Au moins une cinquantaine de soldats nigériens ont été tués samedi sur le lac Tchad par des éléments de Boko Haram, dans l’une des attaques les plus meurtrières subie par la coalition régionale, a-t-on appris lundi de sources tchadienne et nigériennes.
Samedi, un élu local s’attendait déjà à un bilan "très lourd dans les rangs de l’armée nigérienne". Lundi, les bilans différaient selon les sources mais toutes évoquaient avec certitude plusieurs dizaines de morts.
L’armée nigérienne "a perdu 48 soldats et 36 sont portés disparus", a déclaré une source sécuritaire tchadienne, ajoutant que des militaires "ont fui et sont en train de regagner la localité de Bosso" voisine.
Un élu du sud-est du Niger, région frontalière avec le Nigeria où l’assaut s’est produit, a lui fait état à l’AFP de "80 soldats tués" et une trentaine de disparus, tandis qu’une source proche de l’armée nigérienne mentionnait 100 morts et 17 disparus.
"Il y a eu énormément de pertes" au sein d’une position militaire située à Karamga, une île "particulièrement isolée" du lac Tchad, dans laquelle 120 à 150 hommes étaient postés, a confirmé une source humanitaire à l’AFP.
"L’armée tente de faire un point de ceux qu’elle a perdus, pour savoir qui est mort et qui est porté disparu", a poursuivi cette source, selon laquelle 45 soldats basés sur l’île auraient pu être joints.
Aucun officiel ni cadre militaire nigérien n’a pu être contacté par l’AFP pour un commentaire.
L’assaut, si un tel niveau de pertes était confirmé par Niamey, serait l’un des plus meurtriers pour la coalition régionale composée du Tchad, du Niger, du Nigeria, du Cameroun et du Bénin et active depuis quatre mois contre Boko Haram.
Le 10 avril, le Tchad a fait état de 71 soldats tombés au total dans la lutte contre les islamistes. Ce bilan était début avril de 26 morts parmi les militaires nigériens, avait indiqué à l’AFP Seyni Garba, le chef d’état-major nigérien.
Karamga, attaquée samedi à l’aube par des islamistes de Boko Haram, a depuis lors été reprise par l’armée nigérienne, de même source.
Umar Yerima, un pêcheur nigérian qui vivait sur cette île, a fait état d’un bilan humain également "énorme" parmi les civils.
"Après en avoir terminé avec les soldats, ils ont retourné leurs armes contre les habitants", "visant les têtes" de ceux qui s’étaient jetés à l’eau pour leur échapper et "brûlant vivant beaucoup de résidents dans leurs maisons", a-t-il raconté.

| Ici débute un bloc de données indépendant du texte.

lemma cbar_improper: "\<not> (\<exists>u. y = Some u \<and> u \<in> pdom g) \<Longrightarrow> cbar dV g y = carrier_bar dV"
  unfolding cbar_def by (auto split: option.splits)

lemma cbar_proper: "u \<in> pdom g \<Longrightarrow> cbar dV g (Some u) = Some ` g u"
  unfolding cbar_def by simp

lemma cbar_subset_carrier_bar: "problem dU dV g \<Longrightarrow> cbar dV g y \<subseteq> carrier_bar dV"
  unfolding cbar_def carrier_bar_def problem_def pdom_def
  by (auto split: option.splits if_splits)

definition proper_instance :: "'u rep \<Rightarrow> ('u \<Rightarrow> 'v set) \<Rightarrow> baire \<Rightarrow> bool" where
  "proper_instance dU g k \<longleftrightarrow> (\<exists>u. completion dU k = Some (Some u) \<and> u \<in> pdom g)"

lemma choice_realizer_cbar:
  assumes "problem dU dV g"
  shows "realizes (completion dU) (completion dV) (choice_realizer (completion dU) (completion dV) (cbar dV g)) (cbar dV g)"
  by (rule choice_realizer_realizes)
    (use cbar_subset_carrier_bar[OF assms] carrier_bar_subset_ran_completion in blast)

lemma realizes_cbar_proper:
  assumes G: "realizes (completion dU) (completion dV) G (cbar dV g)"
    and u: "completion dU k = Some (Some u)" "u \<in> pdom g"
  obtains r v where "G k = Some r" "infinite (nzset r)" "dV (minus1 r) = Some v" "v \<in> g u"
proof -
  obtain r z where r: "G k = Some r" "completion dV r = Some z" "z \<in> cbar dV g (Some u)"
    using G u(1) pdom_cbar unfolding realizes_def by blast
  then obtain v where "z = Some v" "v \<in> g u" using cbar_proper[OF u(2)] by auto
  then show ?thesis using that r completion_SomeD[of dV r v] by auto
qed

lemma realizes_cbar_fun_upd:
  assumes G: "realizes (completion dU) (completion dV) G (cbar dV g)" and k: "\<not> proper_instance dU g k"
  shows "realizes (completion dU) (completion dV) (G(k := Some r)) (cbar dV g)"
  unfolding realizes_def
proof (intro allI impI)
  fix p y assume y: "completion dU p = Some y \<and> y \<in> pdom (cbar dV g)"
  show "\<exists>q z. (G(k := Some r)) p = Some q \<and> completion dV q = Some z \<and> z \<in> cbar dV g y"
  proof (cases "p = k")
    case True
    then have "\<not> (\<exists>u. y = Some u \<and> u \<in> pdom g)" using k y unfolding proper_instance_def by blast
    then have "cbar dV g y = carrier_bar dV" by (rule cbar_improper)
    moreover obtain z where "completion dV r = Some z" "z \<in> carrier_bar dV"
      using completion_in_carrier_bar by blast
    ultimately show ?thesis using True by simp
  next
    case False
    then show ?thesis using G y unfolding realizes_def by simp
  qed
qed

text \<open>Padding the answers at proper instances with \<open>m\<close> leading zeros keeps them valid, and
  makes every answer of the resulting realizer begin with \<open>m\<close> zeros.\<close>

lemma realizes_cbar_padded:
  assumes G: "realizes (completion dU) (completion dV) G (cbar dV g)"
  shows "realizes (completion dU) (completion dV)
    (\<lambda>k. if proper_instance dU g k then map_option (\<lambda>r. pad m (Suc_seq (minus1 r))) (G k) else Some (\<lambda>_. 0))
    (cbar dV g)"
  unfolding realizes_def
proof (intro allI impI)
  fix k y assume y: "completion dU k = Some y \<and> y \<in> pdom (cbar dV g)"
  show "\<exists>q z. (if proper_instance dU g k then map_option (\<lambda>r. pad m (Suc_seq (minus1 r))) (G k) else Some (\<lambda>_. 0)) = Some q
      \<and> completion dV q = Some z \<and> z \<in> cbar dV g y"
  proof (cases "proper_instance dU g k")
    case True
    then obtain u where u: "completion dU k = Some (Some u)" "u \<in> pdom g" unfolding proper_instance_def by blast
    obtain r v where r: "G k = Some r" "dV (minus1 r) = Some v" "v \<in> g u"
      using realizes_cbar_proper[OF G u] .
    have "y = Some u" using u(1) y by simp
    then have "Some v \<in> cbar dV g y" using r(3) cbar_proper[OF u(2)] by simp
    then show ?thesis using True r(1,2) by (simp add: completion_pad_Suc_seq)
  next
    case False
    then have "\<not> (\<exists>u. y = Some u \<and> u \<in> pdom g)" using y unfolding proper_instance_def by blast
    then have "cbar dV g y = carrier_bar dV" by (rule cbar_improper)
    then show ?thesis using False completion_zero[of dV] by (simp add: carrier_bar_def)
  qed
qed

lemma W_red_cbar_if_W_red:
  assumes "W_red dX dY f dU dV g"
  shows "W_red dX dY f (completion dU) (completion dV) (cbar dV g)"
proof -
  obtain H K where H: "computable H" and K: "computable K"
    and red: "\<forall>G. realizes dU dV G g \<longrightarrow> realizes dX dY (wcomp K G H) f"
    using assms unfolding W_red_iff by blast
  define K' where "K' = (\<lambda>p. map_option Suc_seq (K p))"
  define H' where "H' = (\<lambda>s. if infinite (nzset (odds s)) then H (bpair (evens s) (minus1 (odds s))) else None)"
  have "realizes dX dY (wcomp K' G' H') f"
    if G': "realizes (completion dU) (completion dV) G' (cbar dV g)" for G'
  proof -
    define G where "G = (\<lambda>k. case G' (Suc_seq k) of None \<Rightarrow> None
      | Some r \<Rightarrow> if infinite (nzset r) then Some (minus1 r) else None)"
    have "realizes dU dV G g"
      unfolding realizes_def
    proof (intro allI impI)
      fix k x assume x: "dU k = Some x \<and> x \<in> pdom g"
      then obtain r v where "G' (Suc_seq k) = Some r" "infinite (nzset r)" "dV (minus1 r) = Some v" "v \<in> g x"
        using realizes_cbar_proper[OF G', of "Suc_seq k" x] by (auto simp: completion_Suc_seq)
      then show "\<exists>q y. G k = Some q \<and> dV q = Some y \<and> y \<in> g x" unfolding G_def by simp
    qed
    then have R: "realizes dX dY (wcomp K G H) f" using red by blast
    have "wcomp K' G' H' p = wcomp K G H p" if "wcomp K G H p \<noteq> None" for p
      using that unfolding wcomp_def K'_def H'_def G_def by (auto split: option.splits if_splits)
    then show ?thesis using R unfolding realizes_def by fastforce
  qed
  moreover have "computable K'" unfolding K'_def by (rule computable_map_Suc_seq[OF K])
  moreover have "computable H'" unfolding H'_def by (rule computable_minus1_odds[OF H])
  ultimately show ?thesis unfolding W_red_iff by blast
qed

Les assaillants sont demeurés sur l’île jusqu’à samedi à la mi-journée, quand un avion de combat a commencé à bombarder la zone, a affirmé M. Yerima, qui s’est décrit comme "l’un des rares chanceux" ayant survécu.

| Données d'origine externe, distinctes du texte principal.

lemma A_dense: "closure (range A) = UNIV"
  by (rule selfadjoint_injective_dense_range[OF T_bounded_linear A_selfadjoint A_injective])

lemma Z1_cancel: "(\<And>x. inner (Z1 x) u = 0) \<Longrightarrow> u = 0"
  by (metis Z1_inner Z1_injective inner_eq_zero_iff)

text \<open>The key estimate for k = 2, 3: by p_k1 p_1k = q^2 p11 p_kk and since Tkk commutes with A,
  |T1k x|^2 = q^2 <Z1 x, Tkk Z1 x> \<le> q^2 K |Z1 x|^2.\<close>
lemma T1k_bound:
  assumes Ek: "\<And>x. T k G1 (T G1 k x) = q^2 *\<^sub>R A (T k k x)"
    and Ck: "\<And>x. A (T k k x) = T k k (A x)"
  shows "\<exists>C\<ge>0. \<forall>x. norm (inverse q *\<^sub>R T G1 k x) \<le> C * norm (Z1 x)"
proof -
  obtain K where K: "\<And>y. norm (T k k y) \<le> norm y * K" "K > 0"
    using bounded_linear.pos_bounded[OF T_bounded_linear[of k k]] by blast
  have comm: "Z1 (T k k y) = T k k (Z1 y)" for y by (rule Z1_commute[OF T_bounded_linear Ck])
  have "norm (inverse q *\<^sub>R T G1 k x) \<le> sqrt K * norm (Z1 x)" for x
  proof -
    have "norm (T G1 k x)^2 = inner x (T k G1 (T G1 k x))"
      by (simp add: power2_norm_eq_inner T_inner[symmetric])
    also have "\<dots> = q^2 * inner (Z1 x) (T k k (Z1 x))"
      by (simp add: Ek Z1_square[symmetric] comm Z1_inner)
    also have "\<dots> \<le> q^2 * (norm (Z1 x) * (norm (Z1 x) * K))"
    proof (rule mult_left_mono)
      have "inner (Z1 x) (T k k (Z1 x)) \<le> norm (Z1 x) * norm (T k k (Z1 x))" by (rule norm_cauchy_schwarz)
      also have "\<dots> \<le> norm (Z1 x) * (norm (Z1 x) * K)" by (intro mult_left_mono K(1)) simp
      finally show "inner (Z1 x) (T k k (Z1 x)) \<le> norm (Z1 x) * (norm (Z1 x) * K)" .
    qed simp
    finally have "norm (T G1 k x)^2 \<le> q^2 * (K * norm (Z1 x)^2)"
      by (simp add: power2_eq_square algebra_simps)
    hence "norm (inverse q *\<^sub>R T G1 k x)^2 \<le> (sqrt K * norm (Z1 x))^2"
      using q0 K(2) by (simp add: power_mult_distrib field_simps)
    thus ?thesis by (rule power2_le_imp_le) (use K(2) in simp)
  qed
  thus ?thesis using K(2) by (intro exI[of _ "sqrt K"]) auto
qed

text \<open>Hence q^-1 T1k = Zk Z1 for a bounded complex-linear Zk (extension by continuity).\<close>
lemma factor_through_Z1:
  assumes Ek: "\<And>x. T k G1 (T G1 k x) = q^2 *\<^sub>R A (T k k x)"
    and Ck: "\<And>x. A (T k k x) = T k k (A x)"
  shows "\<exists>W. cbounded J W \<and> (\<forall>x. W (Z1 x) = inverse q *\<^sub>R T G1 k x)"
proof -
  define R where "R x = inverse q *\<^sub>R T G1 k x" for x
  have blR: "bounded_linear R"
    unfolding R_def by (intro bounded_linear_compose[OF bounded_linear_scaleR_right T_bounded_linear])
  obtain C where "C \<ge> 0" "\<And>x. norm (R x) \<le> C * norm (Z1 x)"
    using T1k_bound[OF Ek Ck] unfolding R_def by blast
  then obtain W where W: "bounded_linear W" "\<And>x. W (Z1 x) = R x"
    using extend_by_continuity[OF Z1_bounded_linear Z1_dense Z1_injective blR] by metis
  have "(\<lambda>y. W (J y)) = (\<lambda>y. J (W y))"
  proof (rule eq_on_dense_range[OF Z1_dense])
    show "bounded_linear (\<lambda>y. W (J y))" "bounded_linear (\<lambda>y. J (W y))"
      by (auto intro: bounded_linear_compose W(1) cstruct_bounded_linear[OF J])
    show "W (J (Z1 x)) = J (W (Z1 x))" for x
      using T_cbounded by (simp add: Z1_J[symmetric] W(2) R_def cbounded_def cstruct_scale[OF J])
  qed
  hence "cbounded J W" unfolding cbounded_def using W(1) by metis
  thus ?thesis using W(2) R_def by auto
qed

definition Z2 where "Z2 = (SOME W. cbounded J W \<and> (\<forall>x. W (Z1 x) = inverse q *\<^sub>R T G1 G2 x))"
definition Z3 where "Z3 = (SOME W. cbounded J W \<and> (\<forall>x. W (Z1 x) = inverse q *\<^sub>R T G1 G3 x))"

lemma Z2_prop: "cbounded J Z2 \<and> (\<forall>x. Z2 (Z1 x) = inverse q *\<^sub>R T G1 G2 x)"
  unfolding Z2_def by (rule someI_ex[OF factor_through_Z1[OF op_p21_p12 op_p11_p22]])
lemma Z3_prop: "cbounded J Z3 \<and> (\<forall>x. Z3 (Z1 x) = inverse q *\<^sub>R T G1 G3 x)"
  unfolding Z3_def by (rule someI_ex[OF factor_through_Z1[OF op_p31_p13 op_p11_p33]])

lemma Z2_cbounded: "cbounded J Z2" and Z3_cbounded: "cbounded J Z3"
  using Z2_prop Z3_prop by auto
lemma Z2_bounded_linear: "bounded_linear Z2" and Z3_bounded_linear: "bounded_linear Z3"
  using Z2_cbounded Z3_cbounded cbounded_bounded_linear by auto
lemma Z2_linear: "linear Z2" and Z3_linear: "linear Z3"
  using Z2_bounded_linear Z3_bounded_linear bounded_linear.linear by auto
lemma T12_factor: "T G1 G2 x = q *\<^sub>R Z2 (Z1 x)"
  using Z2_prop q0 by simp
lemma T13_factor: "T G1 G3 x = q *\<^sub>R Z3 (Z1 x)"
  using Z3_prop q0 by simp

abbreviation "Zs2 \<equiv> adj Z2"
abbreviation "Zs3 \<equiv> adj Z3"

lemma Zs2_bounded_linear: "bounded_linear Zs2"
  by (rule adj_bounded_linear[OF Z2_bounded_linear])
lemma Zs3_bounded_linear: "bounded_linear Zs3"
  by (rule adj_bounded_linear[OF Z3_bounded_linear])

text \<open>Zk^* Zl = Tkl (k, l \<in> {2, 3}), tested against the dense range of Z1.\<close>
lemma adj_Zk_Zl:
  fixes Zk Zl :: "'h \<Rightarrow> 'h"
  assumes blk: "bounded_linear Zk" and bll: "bounded_linear Zl"
    and Tk: "\<And>x. T G1 k x = q *\<^sub>R Zk (Z1 x)" and Tl: "\<And>x. T G1 l x = q *\<^sub>R Zl (Z1 x)"
    and E: "\<And>x. T k G1 (T G1 l x) = q^2 *\<^sub>R A (T k l x)"
    and C: "\<And>x. A (T k l x) = T k l (A x)"
  shows "adj Zk (Zl y) = T k l y"
proof -
  have comm: "Z1 (T k l y) = T k l (Z1 y)" for y by (rule Z1_commute[OF T_bounded_linear C])
  have "(\<lambda>y. adj Zk (Zl y)) = T k l"
  proof (rule eq_on_dense_range[OF Z1_dense])
    show "bounded_linear (\<lambda>y. adj Zk (Zl y))"
      by (intro bounded_linear_compose[OF adj_bounded_linear[OF blk] bll])
    fix y
    have "inner (Z1 x) (adj Zk (Zl (Z1 y)) - T k l (Z1 y)) = 0" for x
    proof -
      have "inner (Z1 x) (adj Zk (Zl (Z1 y))) = inner (Zk (Z1 x)) (Zl (Z1 y))"
        by (simp add: inner_adj[OF blk])
      also have "\<dots> = inverse q ^2 * inner (T G1 k x) (T G1 l y)"
        using q0 by (simp add: Tk Tl power2_eq_square field_simps)
      also have "\<dots> = inverse q ^2 * inner x (T k G1 (T G1 l y))" by (simp add: T_inner[of G1 k])
      also have "\<dots> = inner x (A (T k l y))" using q0 by (simp add: E power2_eq_square field_simps)
      also have "\<dots> = inner x (Z1 (Z1 (T k l y)))" by (simp add: Z1_square)
      also have "\<dots> = inner (Z1 x) (T k l (Z1 y))" by (simp only: comm Z1_inner)
      finally show ?thesis by (simp add: inner_diff_right)
    qed
    thus "adj Zk (Zl (Z1 y)) = T k l (Z1 y)" using Z1_cancel by fastforce
  qed (rule T_bounded_linear)
  thus ?thesis by metis
qed

lemma Zs2_Z2: "Zs2 (Z2 y) = T G2 G2 y"
  by (rule adj_Zk_Zl[OF Z2_bounded_linear Z2_bounded_linear T12_factor T12_factor op_p21_p12 op_p11_p22])
lemma Zs3_Z3: "Zs3 (Z3 y) = T G3 G3 y"
  by (rule adj_Zk_Zl[OF Z3_bounded_linear Z3_bounded_linear T13_factor T13_factor op_p31_p13 op_p11_p33])
lemma Zs2_Z3: "Zs2 (Z3 y) = T G2 G3 y"
  by (rule adj_Zk_Zl[OF Z2_bounded_linear Z3_bounded_linear T12_factor T13_factor op_p21_p13 op_p11_p23])

lemma Zs3_Z2: "Zs3 (Z2 y) = T G3 G2 y"
proof -
  have "is_adjoint (Zs3 \<circ> Z2) (Zs2 \<circ> Z3)"
    by (rule is_adjoint_comp[OF is_adjoint_sym[OF adj_is_adjoint[OF Z2_bounded_linear]]
          adj_is_adjoint[OF Z3_bounded_linear]])
  moreover have "Zs2 \<circ> Z3 = T G2 G3" by (rule ext) (simp add: Zs2_Z3)
  ultimately have "is_adjoint (\<lambda>y. Zs3 (Z2 y)) (T G2 G3)" by (simp add: o_def)
  hence "adj (T G2 G3) = (\<lambda>y. Zs3 (Z2 y))" by (rule adj_eq[OF T_bounded_linear])
  thus ?thesis using T_adj[of G3 G2] by simp
qed

lemma T21_factor: "T G2 G1 x = q *\<^sub>R Z1 (Zs2 x)"
proof -
  have "is_adjoint (\<lambda>x. q *\<^sub>R Z1 (Zs2 x)) (T G1 G2)"
    unfolding is_adjoint_def by (simp add: T12_factor Z1_inner adj_inner[OF Z2_bounded_linear])
  thus ?thesis using T_adj[of G2 G1] adj_eq[OF T_bounded_linear] by simp
qed

lemma T31_factor: "T G3 G1 x = q *\<^sub>R Z1 (Zs3 x)"
proof -
  have "is_adjoint (\<lambda>x. q *\<^sub>R Z1 (Zs3 x)) (T G1 G3)"
    unfolding is_adjoint_def by (simp add: T13_factor Z1_inner adj_inner[OF Z3_bounded_linear])
  thus ?thesis using T_adj[of G3 G1] adj_eq[OF T_bounded_linear] by simp
qed

lemma A_Zk:
  fixes Zk :: "'h \<Rightarrow> 'h"
  assumes blk: "bounded_linear Zk" and Tk: "\<And>x. T G1 k x = q *\<^sub>R Zk (Z1 x)"
    and E: "\<And>x. A (T G1 k x) = q^2 *\<^sub>R T G1 k (A x)"
  shows "A (Zk x) = q^2 *\<^sub>R Zk (A x)"
proof -
  have "(\<lambda>x. A (Zk x)) = (\<lambda>x. q^2 *\<^sub>R Zk (A x))"
  proof (rule eq_on_dense_range[OF Z1_dense])
    show "bounded_linear (\<lambda>x. A (Zk x))" "bounded_linear (\<lambda>x. q^2 *\<^sub>R Zk (A x))"
      by (auto intro!: bounded_linear_compose[OF bounded_linear_scaleR_right]
          bounded_linear_compose[OF blk] bounded_linear_compose[OF T_bounded_linear] T_bounded_linear blk)
    fix x
    have "A (Zk (Z1 x)) = inverse q *\<^sub>R A (T G1 k x)"
      using q0 by (simp add: Tk linear_scale[OF T_linear])
    also have "\<dots> = inverse q *\<^sub>R q^2 *\<^sub>R T G1 k (A x)" by (simp add: E)
    also have "\<dots> = q^2 *\<^sub>R Zk (Z1 (A x))" using q0 by (simp add: Tk power2_eq_square)
    also have "\<dots> = q^2 *\<^sub>R Zk (A (Z1 x))" by (simp add: Z1_A)
    finally show "A (Zk (Z1 x)) = q^2 *\<^sub>R Zk (A (Z1 x))" .
  qed
  thus ?thesis by metis
qed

"L’aviation tchadienne, notamment les hélicoptères tchadiens stationnés à Diffa (la capitale du sud-est nigérien), est intervenue pour détruire les éléments de Boko Haram", tuant certains d’entre eux et détruisant leur équipement, a déclaré la source tchadienne, sans plus de précision.
Cette île avait déjà été attaquée le 20 février par le groupe islamiste. Sept soldats nigériens et 15 combattants islamistes, ainsi qu’un civil, avaient été tués, selon un bilan officiel.

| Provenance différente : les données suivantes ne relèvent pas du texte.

theorem proposition1:
  fixes A \<zeta>1 \<zeta>2 :: real and \<mu>1 \<mu>2 k1 k2 g1 g2 :: "real \<Rightarrow> real"
  assumes A: "A > 0"
    and pc: "piecewise_cont A \<mu>1" "piecewise_cont A \<mu>2" "piecewise_cont A k1"
            "piecewise_cont A k2" "piecewise_cont A g1" "piecewise_cont A g2"
    and nn: "\<forall>a\<in>{0..A}. \<mu>1 a \<ge> 0 \<and> \<mu>2 a \<ge> 0 \<and> k1 a \<ge> 0 \<and> k2 a \<ge> 0 \<and> g1 a \<ge> 0 \<and> g2 a \<ge> 0"
    and pos: "integral {0..A} \<mu>1 > 0" "integral {0..A} \<mu>2 > 0"
             "integral {0..A} k1 > 0" "integral {0..A} k2 > 0"
             "integral {0..A} g1 > 0" "integral {0..A} g2 > 0"
    and LS1: "integral {0..A} (\<lambda>a. k1 a * exp (- integral {0..a} (\<lambda>s. \<mu>1 s + \<zeta>1))) = 1"
    and LS2: "integral {0..A} (\<lambda>a. k2 a * exp (- integral {0..a} (\<lambda>s. \<mu>2 s + \<zeta>2))) = 1"
  shows
    "(\<forall>u. 0 < u \<and> u < min \<zeta>1 \<zeta>2 \<longrightarrow>
        (let x10 = 1 / ((\<zeta>2 - u) * integral {0..A} (\<lambda>a. g2 a * profile \<mu>1 \<zeta>1 a));
             x20 = (\<zeta>1 - u) / integral {0..A} (\<lambda>a. g1 a * profile \<mu>2 \<zeta>2 a);
             x1 = (\<lambda>a. x10 * profile \<mu>1 \<zeta>1 a);
             x2 = (\<lambda>a. x20 * profile \<mu>2 \<zeta>2 a);
             lam1 = integral {0..A} (\<lambda>a. g2 a * x1 a);
             lam2 = integral {0..A} (\<lambda>a. g1 a * x2 a)
         in x10 > 0 \<and> x20 > 0 \<and>
            steady_state A \<mu>1 \<mu>2 k1 k2 g1 g2 u x1 x2 \<and>
            (\<forall>a\<in>{0..A}. x1 a > 0 \<and> x2 a > 0) \<and>
            lam1 > 0 \<and> lam2 > 0 \<and> u = \<zeta>1 - lam2 \<and> u = \<zeta>2 - 1 / lam1))
     \<and>
     (\<forall>u x1 x2. u > 0 \<and> steady_state A \<mu>1 \<mu>2 k1 k2 g1 g2 u x1 x2 \<and>
        (\<forall>a\<in>{0..A}. x1 a > 0 \<and> x2 a > 0) \<longrightarrow>
        u < min \<zeta>1 \<zeta>2 \<and>
        (\<forall>a\<in>{0..A}.
           x1 a = 1 / ((\<zeta>2 - u) * integral {0..A} (\<lambda>a. g2 a * profile \<mu>1 \<zeta>1 a)) * profile \<mu>1 \<zeta>1 a \<and>
           x2 a = (\<zeta>1 - u) / integral {0..A} (\<lambda>a. g1 a * profile \<mu>2 \<zeta>2 a) * profile \<mu>2 \<zeta>2 a))"
proof -
  obtain D1 D2 where D: "finite D1" "finite D2"
    and "\<And>a. a \<in> {0..A} - D1 \<Longrightarrow> continuous (at a within {0..A}) \<mu>1"
    and "\<And>a. a \<in> {0..A} - D2 \<Longrightarrow> continuous (at a within {0..A}) \<mu>2"
    using pc(1,2) unfolding piecewise_cont_def by meson
  moreover have "integral {0..A} (\<lambda>a. k1 a * profile \<mu>1 \<zeta>1 a) = 1"
    and "integral {0..A} (\<lambda>a. k2 a * profile \<mu>2 \<zeta>2 a) = 1"
    using LS1 LS2 by (simp_all add: profile_def add.commute)
  ultimately interpret age_structured_system A \<zeta>1 \<zeta>2 \<mu>1 \<mu>2 k1 k2 g1 g2 D1 D2
    using nn pos integrable_of_integral_pos by unfold_locales auto
  show ?thesis
    unfolding Let_def
    using steady_state_exists[OF refl refl refl refl] steady_state_unique[OF _ _ less_imp_le[OF A]]
    by auto
qed

end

Aucune attaque importante de Boko Haram n’avait été recensée depuis plus d’un mois au Niger, où le groupe armé nigérian avait multiplié les assauts en février.
"Les risques de survenance d’attentats sont même très réduits du fait de l’élimination de tous les acteurs potentiels", avait assuré mi-mars à l’AFP Mohamed Bazoum, un proche du président nigérien Mahamadou Issoufou.
"La situation est totalement sous contrôle" au Niger, "il n’y a plus de chance que Boko Haram prenne une ville, même sur le lac Tchad", une importante surface d’eau partagée entre Tchad, Cameroun, Nigeria et Niger, avait-il assuré.